— PROBLEM DESCRIPTION —
Within the data below, count the lines that include the word "from". Provide the number and nothing further.
PROVIDED DATA section start
lemma signed_symmetric_anticommutator:
  assumes "signed_symmetric 1 n D" "signed_symmetric e n L"
  shows "signed_symmetric e n (D * L + L * D)"
proof -
  have D: "D \<in> carrier_mat n n" "transpose_mat D = D"
    and L: "L \<in> carrier_mat n n" "transpose_mat L = e \<cdot>\<^sub>m L"
    using assms by (auto dest: signed_symmetricD signed_symmetric_1_transpose)
  have "transpose_mat (D * L + L * D) = (e \<cdot>\<^sub>m L) * D + D * (e \<cdot>\<^sub>m L)"
    using D L by (simp add: transpose_add[of _ n n] transpose_mult[of _ n n])
  also have "\<dots> = e \<cdot>\<^sub>m (D * L + L * D)"
    using D L by (simp add: mult_smult_assoc_mat[of _ n n] mult_smult_distrib[of _ n n]
        add_smult_distrib_left_mat[of _ n n] comm_add_mat[of _ n n])
  finally show ?thesis using D L by (intro signed_symmetricI) auto
qed

lemma transpose_kron: "transpose_mat (kron A B) = kron (transpose_mat A) (transpose_mat B)"
proof (rule eq_matI)
  fix i j
  assume "i < dim_row (kron (transpose_mat A) (transpose_mat B))"
    and "j < dim_col (kron (transpose_mat A) (transpose_mat B))"
  then have "i < dim_col A * dim_col B" "j < dim_row A * dim_row B"
    by (simp_all add: kron_def)
  moreover from this have "dim_col B > 0" "dim_row B > 0"
    by (auto intro: gr0I)
  ultimately show "transpose_mat (kron A B) $$ (i, j) = kron (transpose_mat A) (transpose_mat B) $$ (i, j)"
    by (simp add: kron_def less_mult_imp_div_less)
qed (simp_all add: kron_def)

lemma kron_smult:
  fixes A B :: "'a::comm_semiring mat"
  shows "kron (a \<cdot>\<^sub>m A) (b \<cdot>\<^sub>m B) = (a * b) \<cdot>\<^sub>m kron A B"
proof (rule eq_matI)
  fix i j
  assume "i < dim_row ((a * b) \<cdot>\<^sub>m kron A B)" and "j < dim_col ((a * b) \<cdot>\<^sub>m kron A B)"
  then have "i < dim_row A * dim_row B" "j < dim_col A * dim_col B"
    by (simp_all add: kron_def)
  moreover from this have "dim_row B > 0" "dim_col B > 0"
    by (auto intro: gr0I)
  ultimately show "kron (a \<cdot>\<^sub>m A) (b \<cdot>\<^sub>m B) $$ (i, j) = ((a * b) \<cdot>\<^sub>m kron A B) $$ (i, j)"
    by (simp add: kron_def less_mult_imp_div_less ac_simps)
qed (simp_all add: kron_def)

lemma signed_symmetric_kron:
  assumes "signed_symmetric e1 n1 A" "signed_symmetric e2 n2 B"
  shows "signed_symmetric (e1 * e2) (n1 * n2) (kron A B)"
proof -
  have A: "A \<in> carrier_mat n1 n1" "transpose_mat A = e1 \<cdot>\<^sub>m A"
    and B: "B \<in> carrier_mat n2 n2" "transpose_mat B = e2 \<cdot>\<^sub>m B"
    using assms by (auto dest: signed_symmetricD)
  have "transpose_mat (kron A B) = (e1 * e2) \<cdot>\<^sub>m kron A B"
    by (simp only: transpose_kron A(2) B(2) kron_smult)
  with A B show ?thesis
    by (intro signed_symmetricI) (auto simp: kron_def)
qed

lemma smult_mat_mult_vec:
  fixes A :: "'a::comm_semiring_0 mat"
  assumes "A \<in> carrier_mat nr nc" "v \<in> carrier_vec nc"
  shows "(k \<cdot>\<^sub>m A) *\<^sub>v v = k \<cdot>\<^sub>v (A *\<^sub>v v)"
  using assms by (intro eq_vecI) auto

lemma skew_quadratic_form_eq_0:
  fixes S :: "'a::field_char_0 mat"
  assumes "signed_symmetric (-1) n S" "v \<in> carrier_vec n"
  shows "v \<bullet> (S *\<^sub>v v) = 0"
proof -
  have S: "S \<in> carrier_mat n n" "transpose_mat S = (-1) \<cdot>\<^sub>m S"
    using assms(1) by (rule signed_symmetricD)+
  have "v \<bullet> (S *\<^sub>v v) = (transpose_mat S *\<^sub>v v) \<bullet> v"
    using transpose_vec_mult_scalar[OF S(1) assms(2) assms(2)] ..
  also have "\<dots> = - (v \<bullet> (S *\<^sub>v v))"
    using S assms(2) by (simp add: smult_mat_mult_vec[of _ n n] comm_scalar_prod[of _ n])
  finally show ?thesis by simp
qed

lemma symmetric_bilinear_form_commute:
  fixes Q :: "'a::comm_ring_1 mat"
  assumes "signed_symmetric 1 n Q" "a \<in> carrier_vec n" "b \<in> carrier_vec n"
  shows "a \<bullet> (Q *\<^sub>v b) = b \<bullet> (Q *\<^sub>v a)"
proof -
  have Q: "Q \<in> carrier_mat n n" "transpose_mat Q = Q"
    using assms(1) by (auto dest: signed_symmetricD signed_symmetric_1_transpose)
  have "a \<bullet> (Q *\<^sub>v b) = (Q *\<^sub>v a) \<bullet> b"
    using transpose_vec_mult_scalar[OF Q(1) assms(3) assms(2)] Q(2) by simp
  also have "\<dots> = b \<bullet> (Q *\<^sub>v a)"
    using Q assms by (simp add: comm_scalar_prod[of _ n])
  finally show ?thesis .
qed

lemma midpoint_step_preserves_quadratic_form:
  fixes Q S :: "'a::field_char_0 mat"
  assumes Q: "signed_symmetric 1 n Q" and S: "signed_symmetric (-1) n S"
    and a: "a \<in> carrier_vec n" and b: "b \<in> carrier_vec n" and "c \<noteq> 0"
    and step: "Q *\<^sub>v (c \<cdot>\<^sub>v (b - a)) + S *\<^sub>v (d \<cdot>\<^sub>v (b + a)) = 0\<^sub>v n"
  shows "b \<bullet> (Q *\<^sub>v b) = a \<bullet> (Q *\<^sub>v a)"
proof -
  have Qc: "Q \<in> carrier_mat n n" and Sc: "S \<in> carrier_mat n n"
    using Q S by (auto dest: signed_symmetricD)
  have ba: "b + a \<in> carrier_vec n" "b - a \<in> carrier_vec n"
    using a b by auto
  have "0 = (b + a) \<bullet> (Q *\<^sub>v (c \<cdot>\<^sub>v (b - a)) + S *\<^sub>v (d \<cdot>\<^sub>v (b + a)))"
    unfolding step using ba by simp
  also have "\<dots> = c * ((b + a) \<bullet> (Q *\<^sub>v (b - a))) + d * ((b + a) \<bullet> (S *\<^sub>v (b + a)))"
    using ba Qc Sc by (simp add: mult_mat_vec[of _ n n] scalar_prod_add_distrib[of _ n])
  also have "(b + a) \<bullet> (S *\<^sub>v (b + a)) = 0"
    using S ba(1) by (rule skew_quadratic_form_eq_0)
  also have "(b + a) \<bullet> (Q *\<^sub>v (b - a)) = b \<bullet> (Q *\<^sub>v b) - a \<bullet> (Q *\<^sub>v a)"
    using a b Qc symmetric_bilinear_form_commute[OF Q a b]
    by (simp add: mult_minus_distrib_mat_vec[of _ n n] add_scalar_prod_distrib[of _ n]
        scalar_prod_minus_distrib[of _ n])
  finally show ?thesis using \<open>c \<noteq> 0\<close> by simp
qed

lemma exp_term_has_field_derivative:
  fixes C \<omega> w :: complex
  shows "((\<lambda>z. C * \<omega> ^ s * exp (\<omega> * (z - w))) has_field_derivative C * \<omega> ^ Suc s * exp (\<omega> * (z - w))) (at z)"
  by (auto intro!: derivative_eq_intros)

definition cardinal_kernel :: "nat \<Rightarrow> real \<Rightarrow> nat \<Rightarrow> complex \<Rightarrow> complex" where
  "cardinal_kernel N \<mu> s z = (1 / of_nat N) *
     (\<Sum>l\<in>{- int (N div 2) .. int (N div 2)}.
        complex_of_real (1 / acoef N l) * (\<i> * of_int l * of_real \<mu>) ^ s
          * exp (\<i> * of_int l * of_real \<mu> * z))"

lemma cardinal_kernel_has_field_derivative:
  "((\<lambda>z. cardinal_kernel N \<mu> s (z - w)) has_field_derivative cardinal_kernel N \<mu> (Suc s) (z - w)) (at z)"
  unfolding cardinal_kernel_def
  by (intro DERIV_cmult DERIV_sum exp_term_has_field_derivative)

lemma higher_deriv_gcard:
  "(deriv ^^ s) (gcard N \<mu> xk) = (\<lambda>z. cardinal_kernel N \<mu> s (z - of_real xk))"
proof (induction s)
  case 0
  show ?case
    by (simp add: gcard_def cardinal_kernel_def)
next
  case (Suc s)
  then show ?case
    using DERIV_imp_deriv[OF cardinal_kernel_has_field_derivative] by auto
qed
PROVIDED DATA section end
— EXERCISE RESULT —
2